Stored data:
·····

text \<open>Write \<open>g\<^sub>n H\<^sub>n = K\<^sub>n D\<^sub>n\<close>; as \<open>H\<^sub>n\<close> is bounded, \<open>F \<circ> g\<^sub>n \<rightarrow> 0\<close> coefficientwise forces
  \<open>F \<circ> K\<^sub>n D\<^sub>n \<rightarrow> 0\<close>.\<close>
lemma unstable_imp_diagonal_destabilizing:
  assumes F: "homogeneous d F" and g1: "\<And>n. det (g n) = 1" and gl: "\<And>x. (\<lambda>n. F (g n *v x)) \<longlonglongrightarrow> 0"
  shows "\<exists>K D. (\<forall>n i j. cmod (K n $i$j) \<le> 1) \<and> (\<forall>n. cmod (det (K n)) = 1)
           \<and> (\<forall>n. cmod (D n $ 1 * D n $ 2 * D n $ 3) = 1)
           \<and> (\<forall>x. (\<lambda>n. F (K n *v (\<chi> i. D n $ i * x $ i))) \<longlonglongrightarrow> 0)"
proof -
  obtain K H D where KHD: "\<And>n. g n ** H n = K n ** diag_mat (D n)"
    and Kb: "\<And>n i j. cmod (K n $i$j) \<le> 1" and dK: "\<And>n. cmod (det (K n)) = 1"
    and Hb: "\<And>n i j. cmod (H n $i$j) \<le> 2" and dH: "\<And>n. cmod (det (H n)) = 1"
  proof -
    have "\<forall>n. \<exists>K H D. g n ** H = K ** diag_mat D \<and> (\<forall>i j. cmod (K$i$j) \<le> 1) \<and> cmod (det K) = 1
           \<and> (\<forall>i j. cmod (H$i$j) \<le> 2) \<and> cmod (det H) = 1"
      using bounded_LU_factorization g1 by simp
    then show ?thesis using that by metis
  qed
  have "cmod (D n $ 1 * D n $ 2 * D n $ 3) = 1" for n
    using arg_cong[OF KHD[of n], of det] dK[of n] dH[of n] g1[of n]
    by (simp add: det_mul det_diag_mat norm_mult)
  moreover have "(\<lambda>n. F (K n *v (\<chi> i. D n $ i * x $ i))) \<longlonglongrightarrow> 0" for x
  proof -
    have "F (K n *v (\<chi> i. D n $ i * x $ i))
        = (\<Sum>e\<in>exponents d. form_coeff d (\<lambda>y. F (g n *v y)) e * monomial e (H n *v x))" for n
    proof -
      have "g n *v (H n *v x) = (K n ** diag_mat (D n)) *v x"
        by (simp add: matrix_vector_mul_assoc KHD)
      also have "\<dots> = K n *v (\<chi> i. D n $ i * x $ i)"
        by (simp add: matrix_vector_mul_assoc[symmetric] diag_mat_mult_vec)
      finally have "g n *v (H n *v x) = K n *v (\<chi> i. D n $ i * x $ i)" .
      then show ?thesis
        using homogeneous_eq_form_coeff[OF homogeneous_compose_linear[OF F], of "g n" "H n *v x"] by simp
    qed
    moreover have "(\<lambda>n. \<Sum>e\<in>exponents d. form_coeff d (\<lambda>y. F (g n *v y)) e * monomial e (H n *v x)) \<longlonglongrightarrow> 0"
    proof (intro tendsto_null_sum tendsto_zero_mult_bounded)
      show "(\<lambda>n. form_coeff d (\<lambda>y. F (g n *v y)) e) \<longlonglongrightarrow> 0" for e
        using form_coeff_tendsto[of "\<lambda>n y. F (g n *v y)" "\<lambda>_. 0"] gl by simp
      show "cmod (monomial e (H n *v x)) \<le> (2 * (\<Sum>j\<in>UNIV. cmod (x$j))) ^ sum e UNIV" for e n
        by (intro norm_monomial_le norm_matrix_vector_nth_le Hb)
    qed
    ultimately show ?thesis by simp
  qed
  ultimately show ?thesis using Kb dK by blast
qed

·····

# WORK ORDER:
Look above for the line containing "(\<Sum>e\<in>exponents d. form_coeff". Output from there through the line containing "y)) e) \<longlonglongrightarrow>", exactly and inclusively.

# REPLY:
        = (\<Sum>e\<in>exponents d. form_coeff d (\<lambda>y. F (g n *v y)) e * monomial e (H n *v x))" for n
    proof -
      have "g n *v (H n *v x) = (K n ** diag_mat (D n)) *v x"
        by (simp add: matrix_vector_mul_assoc KHD)
      also have "\<dots> = K n *v (\<chi> i. D n $ i * x $ i)"
        by (simp add: matrix_vector_mul_assoc[symmetric] diag_mat_mult_vec)
      finally have "g n *v (H n *v x) = K n *v (\<chi> i. D n $ i * x $ i)" .
      then show ?thesis
        using homogeneous_eq_form_coeff[OF homogeneous_compose_linear[OF F], of "g n" "H n *v x"] by simp
    qed
    moreover have "(\<lambda>n. \<Sum>e\<in>exponents d. form_coeff d (\<lambda>y. F (g n *v y)) e * monomial e (H n *v x)) \<longlonglongrightarrow> 0"
    proof (intro tendsto_null_sum tendsto_zero_mult_bounded)
      show "(\<lambda>n. form_coeff d (\<lambda>y. F (g n *v y)) e) \<longlonglongrightarrow> 0" for e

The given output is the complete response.